▶ _What you need to do_
Word for word, restate the lines from the start of the data down to the line with "d \<in> ?D1", both included.

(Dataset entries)
+--
lemma ratio_attains_max:
  assumes "ksubspace K D" "D \<subseteq> E" "\<And>d. d \<in> D \<Longrightarrow> d \<in> K \<Longrightarrow> d = 0"
    and "\<exists>d\<in>D. d \<noteq> 0"
  shows "\<exists>u\<in>D. u \<noteq> 0 \<and> (\<forall>d\<in>D. d \<noteq> 0 \<longrightarrow> v d / qn d \<le> v u / qn u)"
  using assms
proof (induction rule: kspan_subspace_induct)
  case (subset_K D)
  then show ?case by blast
next
  case (pivot D j u1)
  let ?D1 = "{d \<in> D. coeff j d = 0}"
  have u1: "u1 \<noteq> 0" using pivot_notin_K[OF pivot(4)] by auto
  obtain u where u: "u \<in> D" "u \<noteq> 0" "v u1 / qn u1 \<le> v u / qn u"
    and u_D1: "\<And>d. d \<in> ?D1 \<Longrightarrow> d \<noteq> 0 \<Longrightarrow> v d / qn d \<le> v u / qn u"
  proof (cases "\<exists>d\<in>?D1. d \<noteq> 0")
    case True
    then obtain u' where u': "u' \<in> ?D1" "u' \<noteq> 0" "\<forall>d\<in>?D1. d \<noteq> 0 \<longrightarrow> v d / qn d \<le> v u' / qn u'"
      using pivot.IH pivot.prems(1) by blast
    show ?thesis
      using that[of u1] that[of u'] u' pivot(3) u1 by (cases "v u' / qn u' \<le> v u1 / qn u1") force+
  qed (use pivot(3) u1 that in blast)
  have "v d / qn d \<le> v u / qn u" if d: "d \<in> D" "d \<noteq> 0" for d
  proof -
    have dE: "d \<in> E" using d pivot(2) by blast
    have d': "d - coeff j d * u1 \<in> ?D1"
      using pivot_reduce(1)[OF pivot(4) dE] d ksubspace_diff[OF pivot(1) d(1)
          ksubspace_scale[OF pivot(1) coeff_in_K[OF dE] pivot(3)]] pivot(4)
      unfolding is_pivot_def by simp
    have "v (d - coeff j d * u1) / qn (d - coeff j d * u1) \<le> v u / qn u"
      using u_D1[OF d'] u(3) v_nonneg quot_norm_nonneg
      by (cases "d - coeff j d * u1 = 0") (auto intro: order_trans[OF divide_nonneg_nonneg])
    moreover have "v d / qn d \<le> max (v u1 / qn u1) (v (d - coeff j d * u1) / qn (d - coeff j d * u1))"
      using ratio_le_pivot_max[OF pivot(4) dE] pivot.prems(1) d d' by blast
    ultimately show ?thesis using u(3) by linarith
  qed
  then show ?case using u(1,2) by blast
qed

lemma exists_extension_value_if_one_in:
  assumes t: "t \<notin> value_group K v" "0 < t"
    and D: "ksubspace K D" "D \<subseteq> E" and f: "klinear_fun K D f" "bounded_by t D f"
    and one: "1 \<in> D" and z: "z \<in> E" "z \<notin> D"
  shows "\<exists>b\<in>K. \<forall>d\<in>D. v (b - f d) \<le> t * v (z - d)"
proof -
  obtain d0 where d0: "d0 \<in> D" "\<And>d. d \<in> D \<Longrightarrow> qn (z - d0) \<le> qn (z - d)"
    using quot_norm_dist_attains_min[OF D z(1)] by blast
  have KD: "K \<subseteq> D"
    using ksubspace_scale[OF D(1) _ one] by auto
  have "z - d0 \<notin> K"
    using ksubspace_add[OF D(1) _ d0(1), of "z - d0"] KD z(2) by auto
  then have "0 < qn (z - d0)" by (rule quot_norm_pos)
  moreover have "qn (z - d0) < v (z - d)" if "d \<in> D" for d
    using d0(2)[OF that] quot_norm_less_v[of "z - d"] z(2) that by fastforce
  moreover have "\<exists>l\<in>K. v (z - d0 - l * 1) < \<rho>" if "qn (z - d0) < \<rho>" for \<rho>
    using quot_norm_lessD[OF that] by simp
  ultimately show ?thesis
    using exists_bounded_extension_value[OF t D(1) f one d0(1)] by blast
qed

lemma exists_extension_value_at_one:
  assumes t: "t \<notin> value_group K v" "0 < t"
    and D: "ksubspace K D" "D \<subseteq> E" and f: "klinear_fun K D f" "bounded_by t D f"
    and one: "1 \<notin> D"
  shows "\<exists>b\<in>K. \<forall>d\<in>D. v (b - f d) \<le> t * v (1 - d)"
proof (cases "\<exists>d\<in>D. d \<noteq> 0")
  case False
  then show ?thesis using klinear_0[OF D(1) f(1)] t(2) by (intro bexI[of _ 0]) auto
next
  case True
  have DK: "d = 0" if "d \<in> D" "d \<in> K" for d
    using ksubspace_scale[OF D(1) K_inverse[OF that(2)] that(1)] one by (cases "d = 0") auto
  obtain u where u: "u \<in> D" "u \<noteq> 0" "\<And>d. d \<in> D \<Longrightarrow> d \<noteq> 0 \<Longrightarrow> v d / qn d \<le> v u / qn u"
    using ratio_attains_max[OF D DK True] by blast
  have qu: "0 < qn u" "qn u < v u"
    using quot_norm_pos quot_norm_less_v[OF u(2)] DK u(1,2) by blast+
  have gap: "qn u / v u < v (1 - d)" if d: "d \<in> D" for d
  proof (cases "v (1 - d) < 1")
    case True
    then have vd: "v d = 1" using v_diff_eq_left[of "1 - d" 1] by simp
    then have "d \<noteq> 0" by auto
    then have qd: "0 < qn d" using quot_norm_pos DK d by blast
    have "qn u / v u \<le> qn d"
      using u(3)[OF d \<open>d \<noteq> 0\<close>] vd qd qu by (simp add: field_simps)
    also have "qn d = qn (1 - d)"
      using quot_norm_add_K[of 1 "- d"] quot_norm_uminus[of d] by simp
    also have "\<dots> < v (1 - d)"
      using one d by (intro quot_norm_less_v) auto
    finally show ?thesis .
  next
    case False
    have "qn u / v u < 1" using qu by simp
    then show ?thesis using False by linarith
  qed
  have approx: "\<exists>l\<in>K. v (1 - 0 - l * u) < \<rho>" if "qn u / v u < \<rho>" for \<rho>
    using exists_inverse_approx[OF that qu(2)] by simp
  have "0 < qn u / v u" using qu by simp
  from exists_bounded_extension_value[OF t D(1) f u(1) ksubspace_0[OF D(1)] this gap approx]
  show ?thesis .
qed

definition generators :: "'a set" where
  "generators = insert 1 (x ` reps)"

lemma generators_subset_kspan: "generators \<subseteq> E"
  unfolding generators_def using K_subset_kspan K_1 in_kspan reps_subset by blast

lemma kspan_subset_if_generators_in:
  assumes D: "ksubspace K D" and gens: "generators \<subseteq> D"
  shows "E \<subseteq> D"
proof
  fix e assume e: "e \<in> E"
  have "coeff0 e * 1 \<in> D"
    using ksubspace_scale[OF D coeff0_in_K[OF e]] gens unfolding generators_def by blast
  moreover have "(\<Sum>j\<in>reps. coeff j e * x j) \<in> D"
    using ksubspace_scale[OF D coeff_in_K[OF e]] gens unfolding generators_def
    by (intro ksubspace_sum[OF D]) auto
  ultimately show "e \<in> D"
    using ksubspace_add[OF D] kspan_coeff_repr[OF e] by force
qed

lemma exists_extension_value_at_generator:
  assumes t: "t \<notin> value_group K v" "0 < t"
    and D: "ksubspace K D" "D \<subseteq> E" and f: "klinear_fun K D f" "bounded_by t D f"
    and gens: "\<not> generators \<subseteq> D"
  shows "\<exists>z\<in>generators. z \<notin> D \<and> (\<exists>b\<in>K. \<forall>d\<in>D. v (b - f d) \<le> t * v (z - d))"
proof (cases "1 \<in> D")
  case True
  then obtain z where "z \<in> generators" "z \<notin> D" using gens by blast
  moreover from this have "z \<in> E" using generators_subset_kspan by blast
  ultimately show ?thesis
    using exists_extension_value_if_one_in[OF t D f True] by blast
next
  case False
  then show ?thesis
    using exists_extension_value_at_one[OF t D f] unfolding generators_def by blast
qed

lemma bounded_extension_to_kspan:
  assumes t: "t \<notin> value_group K v" "0 < t"
  shows "ksubspace K D \<Longrightarrow> D \<subseteq> E \<Longrightarrow> klinear_fun K D f \<Longrightarrow> bounded_by t D f
    \<Longrightarrow> \<exists>g. klinear_fun K E g \<and> (\<forall>d\<in>D. g d = f d) \<and> bounded_by t E g"
proof (induction "card {z \<in> generators. z \<notin> D}" arbitrary: D f rule: less_induct)
  case less
  note D = less.prems(1,2) and f = less.prems(3,4)
  show ?case
  proof (cases "generators \<subseteq> D")
    case True
    then have "D = E" using kspan_subset_if_generators_in[OF D(1)] D(2) by blast
    then show ?thesis using f by blast
  next
    case False
    then obtain z b where z: "z \<in> generators" "z \<notin> D"
      and b: "b \<in> K" "\<forall>d\<in>D. v (b - f d) \<le> t * v (z - d)"
      using exists_extension_value_at_generator[OF t D f] by blast
    define W where "W = span_insert D z"
    obtain g1 where g1: "klinear_fun K W g1" "\<forall>d\<in>D. g1 d = f d" "bounded_by t W g1"
      using bounded_extension_span_insert[OF D(1) f z(2) b(1)] b(2) unfolding W_def by blast
    have W: "ksubspace K W" "D \<subseteq> W" "W \<subseteq> E"
      unfolding W_def using span_insert_ksubspace[OF D(1)] subset_span_insert
        span_insert_subset[OF kspan_ksubspace D(2)] z(1) generators_subset_kspan by blast+
    have "{y \<in> generators. y \<notin> W} \<subset> {y \<in> generators. y \<notin> D}"
      using W(2) in_span_insert[OF D(1), of z] z unfolding W_def by blast
    then have "card {y \<in> generators. y \<notin> W} < card {y \<in> generators. y \<notin> D}"
      by (simp add: psubset_card_mono generators_def)
    then obtain g where "klinear_fun K E g" "\<forall>w\<in>W. g w = g1 w" "bounded_by t E g"
      using less.hyps[OF _ W(1,3) g1(1,3)] by blast
    then show ?thesis using g1(2) W(2) by (intro exI[of _ g]) auto
  qed
qed

theorem has_SE_iff_not_in_value_group:
  assumes t: "0 < t"
  shows "has_SE K v (\<lambda>z. t * v z) E \<longleftrightarrow> t \<notin> value_group K v"
proof
  have "x 1 \<in> E" "x 1 \<notin> K"
    using in_kspan x_notin_K n_ge_1 by auto
  then show "has_SE K v (\<lambda>z. t * v z) E \<Longrightarrow> t \<notin> value_group K v"
    by (rule not_in_value_group_of_has_SE[OF kspan_ksubspace K_subset_kspan _ _ t])
next
  assume "t \<notin> value_group K v"
  from bounded_extension_to_kspan[OF this t]
  show "has_SE K v (\<lambda>z. t * v z) E"
    by (rule has_SE_of_bounded_extensions)
qed

end

theorem mainTheorem11:
  fixes v :: "'a::field \<Rightarrow> real" and K :: "'a set" and x :: "nat \<Rightarrow> 'a"
    and n :: nat and t :: real
  assumes "nonarch_abs v" and "subfield K" and "complete_in K v"
    and "nontrivially_valued K v" and "\<not> sph_complete_in K v"
    and "sph_complete_in UNIV v" and "immediate_ext K v"
    and "n \<ge> 1" and "\<forall>i\<in>{1..n}. x i \<notin> K" and "t > 0"
    and "pi_orthogonal K v n x"
  shows "has_SE K v (\<lambda>z. t * v z) (kspan K n x) \<longleftrightarrow> t \<notin> value_group K v"
proof -
  interpret orthogonal_span v K n x
    by unfold_locales (use assms in auto)
  show ?thesis by (rule has_SE_iff_not_in_value_group) fact
qed

end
+--
▶ _Solution to the exercise_
lemma ratio_attains_max:
  assumes "ksubspace K D" "D \<subseteq> E" "\<And>d. d \<in> D \<Longrightarrow> d \<in> K \<Longrightarrow> d = 0"
    and "\<exists>d\<in>D. d \<noteq> 0"
  shows "\<exists>u\<in>D. u \<noteq> 0 \<and> (\<forall>d\<in>D. d \<noteq> 0 \<longrightarrow> v d / qn d \<le> v u / qn u)"
  using assms
proof (induction rule: kspan_subspace_induct)
  case (subset_K D)
  then show ?case by blast
next
  case (pivot D j u1)
  let ?D1 = "{d \<in> D. coeff j d = 0}"
  have u1: "u1 \<noteq> 0" using pivot_notin_K[OF pivot(4)] by auto
  obtain u where u: "u \<in> D" "u \<noteq> 0" "v u1 / qn u1 \<le> v u / qn u"
    and u_D1: "\<And>d. d \<in> ?D1 \<Longrightarrow> d \<noteq> 0 \<Longrightarrow> v d / qn d \<le> v u / qn u"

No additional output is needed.